Exact repetition of the data is the whole task.

*** MATERIALS PROVIDED ***

lemma even_dickson_coeff_three_iff:
  assumes "odd s" "s \<ge> 7"
  shows "even (dickson_coeff s 3) \<longleftrightarrow> s mod 4 = 1"
proof -
  have "dickson_coeff s 3 = ((s - 3) choose 3) + ((s - 4) choose 2)"
    using dickson_coeff_eq_choose_add[of 3 s] assms by (simp add: numeral_eq_Suc)
  moreover have "s \<ge> 5"
    using assms(2) by simp
  with assms(1) have "((s - 3) mod 4 \<noteq> 3 \<longleftrightarrow> (s - 4) mod 4 < 2) \<longleftrightarrow> s mod 4 = 1"
    by (cases rule: odd_ge_5_cases) (use assms(2) in \<open>auto simp: mod_Suc\<close>)
  ultimately show ?thesis
    using even_choose_two_iff[of "s - 4"] even_choose_three_iff[of "s - 3"] by simp
qed

lemma coeff_dickson:
  "coeff (dickson s b) k =
     (\<Sum>i\<le>s div 2. if s - 2 * i = k then of_nat (dickson_coeff s i) * (- b) ^ i else 0)"
  unfolding dickson_def dickson_coeff_def by (simp add: coeff_sum coeff_monom)

lemma coeff_dickson_diff_double:
  assumes "j \<le> s div 2"
  shows "coeff (dickson s b) (s - 2 * j) = of_nat (dickson_coeff s j) * (- b) ^ j"
proof -
  have "coeff (dickson s b) (s - 2 * j) =
      (\<Sum>i\<le>s div 2. if i = j then of_nat (dickson_coeff s i) * (- b) ^ i else 0)"
    unfolding coeff_dickson by (rule sum.cong) (use assms in auto)
  then show ?thesis
    using assms by simp
qed

lemma coeff_dickson_eq_0:
  assumes "\<And>i. i \<le> s div 2 \<Longrightarrow> s - 2 * i \<noteq> k"
  shows "coeff (dickson s b) k = 0"
  unfolding coeff_dickson using assms by (intro sum.neutral) auto

lemma coeff_dickson_self:
  assumes "s \<ge> 1"
  shows "coeff (dickson s b) s = 1"
  using coeff_dickson_diff_double[of 0 s b] assms by (simp add: dickson_coeff_def)

lemma degree_dickson:
  assumes "s \<ge> 1"
  shows "degree (dickson s b) = s"
proof (rule order_antisym)
  show "degree (dickson s b) \<le> s"
    by (rule degree_le) (auto intro: coeff_dickson_eq_0)
  show "s \<le> degree (dickson s b)"
    by (rule le_degree) (simp add: coeff_dickson_self[OF assms])
qed

lemma lead_coeff_dickson: "s \<ge> 1 \<Longrightarrow> lead_coeff (dickson s b) = 1"
  by (simp add: degree_dickson coeff_dickson_self)

lemma coeff_reflect_dickson_odd:
  assumes "odd l" "l \<le> s"
  shows "coeff (reflect_poly (dickson s b)) l = 0"
proof -
  have "s \<ge> 1"
    using assms odd_pos by fastforce
  moreover have "s - 2 * i \<noteq> s - l" if "i \<le> s div 2" for i
  proof
    assume "s - 2 * i = s - l"
    moreover have "s div 2 * 2 \<le> s"
      by simp
    ultimately have "2 * i = l"
      using that assms(2) by linarith
    then show False
      using assms(1) by auto
  qed
  then have "coeff (dickson s b) (s - l) = 0"
    by (rule coeff_dickson_eq_0)
  ultimately show ?thesis
    using assms by (simp add: coeff_reflect_poly degree_dickson)
qed

lemma coeff_reflect_dickson_char_two:
  fixes b :: "'a::comm_ring_1"
  assumes "(2::'a) = 0" "s \<ge> 5" "odd s"
  shows "coeff (reflect_poly (dickson s b)) 2 = b"
    "coeff (reflect_poly (dickson s b)) 4 = (if s mod 4 = 1 then b ^ 2 else 0)"
    "coeff (reflect_poly (dickson s b)) 6 = (if s mod 4 = 3 then b ^ 3 else 0)"
proof -
  have coeff_reflect: "coeff (reflect_poly (dickson s b)) (2 * j) =
      (if 2 * j \<le> s then of_nat (dickson_coeff s j) * b ^ j else 0)" for j
    using assms coeff_dickson_diff_double[of j s b]
    by (simp add: coeff_reflect_poly degree_dickson minus_char_two[OF assms(1)])
  note of_nat = of_nat_char_two[OF assms(1)]
  have mod_4: "s mod 4 = 1 \<or> s mod 4 = 3"
    using assms(3) by presburger
  show "coeff (reflect_poly (dickson s b)) 2 = b"
    using coeff_reflect[of 1] assms by (simp add: dickson_coeff_def of_nat)
  show "coeff (reflect_poly (dickson s b)) 4 = (if s mod 4 = 1 then b ^ 2 else 0)"
    using coeff_reflect[of 2] assms mod_4 even_dickson_coeff_two_iff[of s]
    by (auto simp: of_nat[of "dickson_coeff s 2"])
  show "coeff (reflect_poly (dickson s b)) 6 = (if s mod 4 = 3 then b ^ 3 else 0)"
  proof (cases "s = 5")
    case False
    with assms(2,3) have "s \<ge> 7"
      by (cases "s = 6") auto
    then show ?thesis
      using coeff_reflect[of 3] assms mod_4 even_dickson_coeff_three_iff[of s]
      by (auto simp: of_nat[of "dickson_coeff s 3"])
  qed (use coeff_reflect[of 3] in simp)
qed

lemma low_coeffs_power_reflect_dickson:
  fixes b :: "'a::comm_ring_1"
  assumes "s \<ge> 5"
  defines "R \<equiv> reflect_poly (dickson s b)"
  shows "coeff (R ^ t) 0 = 1 \<and> coeff (R ^ t) 1 = 0 \<and>
    coeff (R ^ t) 2 = of_nat t * coeff R 2 \<and>
    coeff (R ^ t) 4 = of_nat (t choose 2) * coeff R 2 ^ 2 + of_nat t * coeff R 4 \<and>
    coeff (R ^ t) 6 = of_nat (t choose 3) * coeff R 2 ^ 3
      + 2 * of_nat (t choose 2) * coeff R 2 * coeff R 4 + of_nat t * coeff R 6"
  using low_coeffs_power[of R "coeff R 2" "coeff R 4" "coeff R 6" t] assms
  by (simp add: lead_coeff_dickson coeff_reflect_dickson_odd)

lemma coeff_dickson_power_below_top:
  fixes b :: "'a::idom"
  assumes "s \<ge> 5" "odd s" "i < t" "even j" "j \<le> 6" "j \<le> t * s"
  shows "coeff (dickson s b ^ i) (t * s - j) = 0"
proof (cases "t * s - j \<le> i * s")
  case True
  txt \<open>Reaching down to degree t s - j forces (t - i) s \<le> j \<le> 6, hence s = 5, i = t - 1, j = 6,
    and the coefficient is the one of X^1 in the reversal of D_5^i, which vanishes.\<close>
  define d where "d = t - i"
  have "t * s = i * s + d * s"
    using assms(3) by (simp add: d_def flip: add_mult_distrib)
  moreover have "d \<ge> 1"
    using assms(3) by (simp add: d_def)
  ultimately have "d * s \<le> j" "s \<le> d * s"
    using True assms(6) by simp_all
  moreover have "d \<le> 1"
  proof (rule ccontr)
    assume "\<not> d \<le> 1"
    then have "2 * 5 \<le> d * s"
      using assms(1) by (intro mult_le_mono) auto
    then show False
      using \<open>d * s \<le> j\<close> assms(5) by linarith
  qed
  moreover have "s \<noteq> 6" "j \<noteq> 5"
    using assms(2,4) by auto
  ultimately have "d = 1" "s = 5" "j = 6"
    using \<open>d \<ge> 1\<close> assms(1,5) by linarith+
  then have "i * s - (t * s - j) = 1"
    using \<open>t * s = i * s + d * s\<close> assms(6) by (simp; linarith)
  then show ?thesis
    using True coeff_power_eq_coeff_reflect_power[OF degree_dickson, of s b i "t * s - j"]
      low_coeffs_power_reflect_dickson[OF assms(1), of b i] assms(1) by simp
next
  case False
  then show ?thesis
    using coeff_power_eq_coeff_reflect_power[OF degree_dickson, of s b i] assms(1) by simp
qed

*** End of MATERIALS PROVIDED ***

▸ THE ANSWER:
lemma even_dickson_coeff_three_iff:
  assumes "odd s" "s \<ge> 7"
  shows "even (dickson_coeff s 3) \<longleftrightarrow> s mod 4 = 1"
proof -
  have "dickson_coeff s 3 = ((s - 3) choose 3) + ((s - 4) choose 2)"
    using dickson_coeff_eq_choose_add[of 3 s] assms by (simp add: numeral_eq_Suc)
  moreover have "s \<ge> 5"
    using assms(2) by simp
  with assms(1) have "((s - 3) mod 4 \<noteq> 3 \<longleftrightarrow> (s - 4) mod 4 < 2) \<longleftrightarrow> s mod 4 = 1"
    by (cases rule: odd_ge_5_cases) (use assms(2) in \<open>auto simp: mod_Suc\<close>)
  ultimately show ?thesis
    using even_choose_two_iff[of "s - 4"] even_choose_three_iff[of "s - 3"] by simp
qed

lemma coeff_dickson:
  "coeff (dickson s b) k =
     (\<Sum>i\<le>s div 2. if s - 2 * i = k then of_nat (dickson_coeff s i) * (- b) ^ i else 0)"
  unfolding dickson_def dickson_coeff_def by (simp add: coeff_sum coeff_monom)

lemma coeff_dickson_diff_double:
  assumes "j \<le> s div 2"
  shows "coeff (dickson s b) (s - 2 * j) = of_nat (dickson_coeff s j) * (- b) ^ j"
proof -
  have "coeff (dickson s b) (s - 2 * j) =
      (\<Sum>i\<le>s div 2. if i = j then of_nat (dickson_coeff s i) * (- b) ^ i else 0)"
    unfolding coeff_dickson by (rule sum.cong) (use assms in auto)
  then show ?thesis
    using assms by simp
qed

lemma coeff_dickson_eq_0:
  assumes "\<And>i. i \<le> s div 2 \<Longrightarrow> s - 2 * i \<noteq> k"
  shows "coeff (dickson s b) k = 0"
  unfolding coeff_dickson using assms by (intro sum.neutral) auto

lemma coeff_dickson_self:
  assumes "s \<ge> 1"
  shows "coeff (dickson s b) s = 1"
  using coeff_dickson_diff_double[of 0 s b] assms by (simp add: dickson_coeff_def)

lemma degree_dickson:
  assumes "s \<ge> 1"
  shows "degree (dickson s b) = s"
proof (rule order_antisym)
  show "degree (dickson s b) \<le> s"
    by (rule degree_le) (auto intro: coeff_dickson_eq_0)
  show "s \<le> degree (dickson s b)"
    by (rule le_degree) (simp add: coeff_dickson_self[OF assms])
qed

lemma lead_coeff_dickson: "s \<ge> 1 \<Longrightarrow> lead_coeff (dickson s b) = 1"
  by (simp add: degree_dickson coeff_dickson_self)

lemma coeff_reflect_dickson_odd:
  assumes "odd l" "l \<le> s"
  shows "coeff (reflect_poly (dickson s b)) l = 0"
proof -
  have "s \<ge> 1"
    using assms odd_pos by fastforce
  moreover have "s - 2 * i \<noteq> s - l" if "i \<le> s div 2" for i
  proof
    assume "s - 2 * i = s - l"
    moreover have "s div 2 * 2 \<le> s"
      by simp
    ultimately have "2 * i = l"
      using that assms(2) by linarith
    then show False
      using assms(1) by auto
  qed
  then have "coeff (dickson s b) (s - l) = 0"
    by (rule coeff_dickson_eq_0)
  ultimately show ?thesis
    using assms by (simp add: coeff_reflect_poly degree_dickson)
qed

lemma coeff_reflect_dickson_char_two:
  fixes b :: "'a::comm_ring_1"
  assumes "(2::'a) = 0" "s \<ge> 5" "odd s"
  shows "coeff (reflect_poly (dickson s b)) 2 = b"
    "coeff (reflect_poly (dickson s b)) 4 = (if s mod 4 = 1 then b ^ 2 else 0)"
    "coeff (reflect_poly (dickson s b)) 6 = (if s mod 4 = 3 then b ^ 3 else 0)"
proof -
  have coeff_reflect: "coeff (reflect_poly (dickson s b)) (2 * j) =
      (if 2 * j \<le> s then of_nat (dickson_coeff s j) * b ^ j else 0)" for j
    using assms coeff_dickson_diff_double[of j s b]
    by (simp add: coeff_reflect_poly degree_dickson minus_char_two[OF assms(1)])
  note of_nat = of_nat_char_two[OF assms(1)]
  have mod_4: "s mod 4 = 1 \<or> s mod 4 = 3"
    using assms(3) by presburger
  show "coeff (reflect_poly (dickson s b)) 2 = b"
    using coeff_reflect[of 1] assms by (simp add: dickson_coeff_def of_nat)
  show "coeff (reflect_poly (dickson s b)) 4 = (if s mod 4 = 1 then b ^ 2 else 0)"
    using coeff_reflect[of 2] assms mod_4 even_dickson_coeff_two_iff[of s]
    by (auto simp: of_nat[of "dickson_coeff s 2"])
  show "coeff (reflect_poly (dickson s b)) 6 = (if s mod 4 = 3 then b ^ 3 else 0)"
  proof (cases "s = 5")
    case False
    with assms(2,3) have "s \<ge> 7"
      by (cases "s = 6") auto
    then show ?thesis
      using coeff_reflect[of 3] assms mod_4 even_dickson_coeff_three_iff[of s]
      by (auto simp: of_nat[of "dickson_coeff s 3"])
  qed (use coeff_reflect[of 3] in simp)
qed

lemma low_coeffs_power_reflect_dickson:
  fixes b :: "'a::comm_ring_1"
  assumes "s \<ge> 5"
  defines "R \<equiv> reflect_poly (dickson s b)"
  shows "coeff (R ^ t) 0 = 1 \<and> coeff (R ^ t) 1 = 0 \<and>
    coeff (R ^ t) 2 = of_nat t * coeff R 2 \<and>
    coeff (R ^ t) 4 = of_nat (t choose 2) * coeff R 2 ^ 2 + of_nat t * coeff R 4 \<and>
    coeff (R ^ t) 6 = of_nat (t choose 3) * coeff R 2 ^ 3
      + 2 * of_nat (t choose 2) * coeff R 2 * coeff R 4 + of_nat t * coeff R 6"
  using low_coeffs_power[of R "coeff R 2" "coeff R 4" "coeff R 6" t] assms
  by (simp add: lead_coeff_dickson coeff_reflect_dickson_odd)

lemma coeff_dickson_power_below_top:
  fixes b :: "'a::idom"
  assumes "s \<ge> 5" "odd s" "i < t" "even j" "j \<le> 6" "j \<le> t * s"
  shows "coeff (dickson s b ^ i) (t * s - j) = 0"
proof (cases "t * s - j \<le> i * s")
  case True
  txt \<open>Reaching down to degree t s - j forces (t - i) s \<le> j \<le> 6, hence s = 5, i = t - 1, j = 6,
    and the coefficient is the one of X^1 in the reversal of D_5^i, which vanishes.\<close>
  define d where "d = t - i"
  have "t * s = i * s + d * s"
    using assms(3) by (simp add: d_def flip: add_mult_distrib)
  moreover have "d \<ge> 1"
    using assms(3) by (simp add: d_def)
  ultimately have "d * s \<le> j" "s \<le> d * s"
    using True assms(6) by simp_all
  moreover have "d \<le> 1"
  proof (rule ccontr)
    assume "\<not> d \<le> 1"
    then have "2 * 5 \<le> d * s"
      using assms(1) by (intro mult_le_mono) auto
    then show False
      using \<open>d * s \<le> j\<close> assms(5) by linarith
  qed
  moreover have "s \<noteq> 6" "j \<noteq> 5"
    using assms(2,4) by auto
  ultimately have "d = 1" "s = 5" "j = 6"
    using \<open>d \<ge> 1\<close> assms(1,5) by linarith+
  then have "i * s - (t * s - j) = 1"
    using \<open>t * s = i * s + d * s\<close> assms(6) by (simp; linarith)
  then show ?thesis
    using True coeff_power_eq_coeff_reflect_power[OF degree_dickson, of s b i "t * s - j"]
      low_coeffs_power_reflect_dickson[OF assms(1), of b i] assms(1) by simp
next
  case False
  then show ?thesis
    using coeff_power_eq_coeff_reflect_power[OF degree_dickson, of s b i] assms(1) by simp
qed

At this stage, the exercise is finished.